In the summary of the deliberations of Egypt's comprehensive periodic review of the UN Human Rights Council, Ambassador Hisham Badr pointed out, that “the Supreme Committee for Legislative Reform is currently studying a number of laws and a definition of torture consistent with the Convention against Torture and other cruel, inhuman or degrading treatment or punishment”[6].

The criminalization of torture under the Egyptian law falls well short of adhering to international standards, particularly in terms of definition and punishment. Specifically, under Article 126 of the Egyptian Panel Code, torture is limited to acts inflicted with the purpose of inducing confessions from accused persons, excluding therefore acts against those detained without charge, and for the purposes of obtaining information or punishment. Article 126 (following its amendment in 2003) foresees imprisonment between 3 and 10 years, and in the case of death the punishment of homicide applies, but since the article has a limited scope, prosecutors charge perpetrators of “use of cruelty” under article 129 of the Penal code which provides a range of penalties in the case of conviction of up to one year of imprisonment or a maximum of 200 Egyptian Pounds, that is clearly inadequate and contrary to national and international law[7].

Because officers are not initially charged of torture by prosecution, instead they are charged of “use of cruelty” or “manslaughter” in case of death not “voluntary homicide” – this leads to lenient sentences.

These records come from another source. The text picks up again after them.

(* The learning problem for $\mathbf{LTL}(\mathbf{X},\wedge)$ is in $\mathsf{NP}$: given words $u_1,\dots,u_n,v_1,\dots,v_n\in\Sigma^*$ and $k\in\mathbb{N}$ encoded in binary, deciding whether there exists a formula of $\mathbf{LTL}(\mathbf{X},\wedge)$ of size at most $k$ separating $u_1,\dots,u_n$ from $v_1,\dots,v_n$ is in $\mathsf{NP}$.
   Context: Alphabet $\Sigma=\{a,b\}$. Words are nonempty, indexed from position 1. $\mathbf{LTL}(\mathbf{X},\wedge)$: formulas built from letters $c\in\Sigma$, $\wedge$, and $\mathbf{X}$, with semantics on a word $w$ of length $\ell$ at position $i\in[1,\ell]$: $w,i\models c$ iff $w(i)=c$; $\wedge$ as usual; $w,i\models\mathbf{X}\phi$ iff $i<\ell$ and $w,i+1\models\phi$; $w\models\phi$ iff $w,1\models\phi$. Size = number of nodes of the syntax tree. $\phi$ separates $u_1,\dots,u_n$ from $v_1,\dots,v_m$ if all $u_j\models\phi$ and all $v_j\not\models\phi$. The input size is $O(n\ell+\log k)$ where $\ell$ is the maximal word length. *)

theory Defs
  imports Main
begin

datatype letter = La | Lb

datatype ltl = Lit letter | Conj ltl ltl | Nxt ltl

fun fsize :: "ltl \<Rightarrow> nat" where
  "fsize (Lit c) = 1"
| "fsize (Conj f g) = 1 + fsize f + fsize g"
| "fsize (Nxt f) = 1 + fsize f"

text \<open>Semantics at position i (positions are 1-based, 1 \<le> i \<le> length w).\<close>
fun holds :: "letter list \<Rightarrow> nat \<Rightarrow> ltl \<Rightarrow> bool" where
  "holds w i (Lit c) = (1 \<le> i \<and> i \<le> length w \<and> w ! (i - 1) = c)"
| "holds w i (Conj f g) = (holds w i f \<and> holds w i g)"
| "holds w i (Nxt f) = (1 \<le> i \<and> i < length w \<and> holds w (i + 1) f)"

definition models :: "letter list \<Rightarrow> ltl \<Rightarrow> bool" where
  "models w f = holds w 1 f"

definition separates :: "ltl \<Rightarrow> letter list list \<Rightarrow> letter list list \<Rightarrow> bool" where
  "separates f us vs = ((\<forall>u\<in>set us. models u f) \<and> (\<forall>v\<in>set vs. \<not> models v f))"

fun enc_letter :: "letter \<Rightarrow> nat" where
  "enc_letter La = 1" | "enc_letter Lb = 2"
lemma cube_y_pow_x_pow_eq_one:
  assumes "r = 1 \<or> r = 2"
  shows "(y [^] (r::nat) \<otimes> x [^] (i::int)) \<otimes> (y [^] r \<otimes> x [^] i) \<otimes> (y [^] r \<otimes> x [^] i) = \<one>"
proof -
  from assms have "int m dvd t ^ r * t ^ r + t ^ r + 1"
  proof
    assume "r = 1"
    then show ?thesis
      using m_dvd by (simp add: power2_eq_square)
  next
    assume "r = 2"
    moreover have "t ^ 2 * t ^ 2 + t ^ 2 + 1 = (t\<^sup>2 + t + 1) * (t\<^sup>2 - t + 1)"
      by (simp add: algebra_simps power2_eq_square)
    ultimately show ?thesis
      using m_dvd by simp
  qed
  moreover have "y [^] (3 * r) = (y [^] (3::nat)) [^] r"
    using y_closed by (simp add: nat_pow_pow)
  ultimately show ?thesis
    using x_closed y_cube by (simp add: cube_normal_form x_pow_multiple_eq_one)
qed

lemma cube_outside_generate_x:
  assumes g: "g \<in> carrier G" and not_in: "g \<notin> generate G {x}"
  shows "g \<otimes> g \<otimes> g = \<one>"
proof -
  obtain j i where g_eq: "g = y [^] (j::nat) \<otimes> x [^] (i::int)"
    using normal_form[OF g] .
  define r where "r = j mod 3"
  have "y [^] j = (y [^] (3::nat)) [^] (j div 3) \<otimes> y [^] r"
    using y_closed by (simp add: r_def nat_pow_pow nat_pow_mult)
  then have g_eq_r: "g = y [^] r \<otimes> x [^] i"
    using y_cube y_closed by (simp add: g_eq)
  have "r \<noteq> 0"
  proof
    assume "r = 0"
    then have "g = x [^] i"
      using g_eq_r x_closed by simp
    then show False
      using not_in by (auto simp: generate_x)
  qed
  moreover have "r < 3"
    by (simp add: r_def)
  ultimately show ?thesis
    unfolding g_eq_r by (intro cube_y_pow_x_pow_eq_one) linarith
qed

lemma not_3_dvd_card_generate_x: "\<not> 3 dvd card (generate G {x})"
proof
  assume "3 dvd card (generate G {x})"
  moreover have "card (generate G {x}) dvd m"
    using generate_pow_card[OF x_closed] pow_eq_id[OF x_closed] x_pow_m by simp
  ultimately show False
    using not_3_dvd_m dvd_trans by blast
qed

lemma order3_outside_generate_x: "order3_outside G (generate G {x})"
  using finite_group_axioms normal_generate_x not_3_dvd_card_generate_x cube_outside_generate_x
  by (intro order3_outside.intro order3_outside_axioms.intro)

end

theorem proposition3p10:
  fixes G :: "('g, 'b) monoid_scheme"
    and x y :: 'g
    and k :: nat and m :: nat and t :: int
  assumes F_finite: "finite (UNIV :: 'f::field set)"
    and F_char: "CHAR('f) = 3"
    and m_def: "m = 3 * k + 1"
    and t_cube: "t ^ 3 mod int m = 1 mod int m"
    and t_gcd: "gcd (int m) (t - 1) = 1"
    and grp: "group G"
    and xG: "x \<in> carrier G" and yG: "y \<in> carrier G"
    and gen: "generate G {x, y} = carrier G"
    and x_ord: "x [^]\<^bsub>G\<^esub> m = \<one>\<^bsub>G\<^esub>"
    and y_ord: "y [^]\<^bsub>G\<^esub> (3::nat) = \<one>\<^bsub>G\<^esub>"
    and conj: "inv\<^bsub>G\<^esub> y \<otimes>\<^bsub>G\<^esub> x \<otimes>\<^bsub>G\<^esub> y = x [^]\<^bsub>G\<^esub> t"
    and G_order: "order G = 3 * m"
  shows "ga_semisimple_ring G (Delta G (generate G {x}) :: ('g \<Rightarrow> 'f) set)"
proof -
  have "finite (carrier G)"
    using G_order m_def unfolding order_def by (intro card_ge_0_finite) simp
  moreover have "int m dvd t\<^sup>2 + t + 1"
    using t_cube t_gcd by (rule dvd_square_add_self_add_one)
  moreover have "\<not> 3 dvd m"
    using m_def by presburger
  ultimately interpret T_group G x y m t
    using grp xG yG gen x_ord y_ord conj
    by (intro T_group.intro T_group_axioms.intro finite_group.intro finite_group_axioms.intro)
  show ?thesis
    using order3_outside.semisimple_Delta[OF order3_outside_generate_x F_char F_finite] .
qed

end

In its UPR Midterm Review, the Egyptian Government stated in point 21 that the Egyptian constitution stipulates that “all forms of torture are a crime with no statutes of limitation” and that the “state will fairly compensate those who have been assaulted”. However, the Constitution in its article 52 only states that “Torture in all forms and types is a crime that is not subject to prescription”. Broadly, according to the CAT, it is not sufficient to solely have a prohibition in constitutional law.[8]

Despite these clear shortcomings, Egypt has not legislated – nor has its parliament discussed – a special stand-alone law against torture since 2014.

In fact, when a draft law on torture was proposed by human rights lawyer Nejad Al Borai with the technical advice from two judges in the highest judicial posts; one of whom was the vice president of the Court of Cassation, and the other president of Cairo Court of Appeal, the initiative was negatively received by Egyptian authorities. The two judges were referred to the Disciplinary Board to be tried on charges of expressing political opinions prohibited to judges (even though their role was limited to providing advice). Nejad Al Borai, who submitted the draft and sent it to the President of the Republic in May 2016, was banned from travelling abroad, and charged with, inter alia, the establishment of an unauthorized group, and receiving funds from abroad.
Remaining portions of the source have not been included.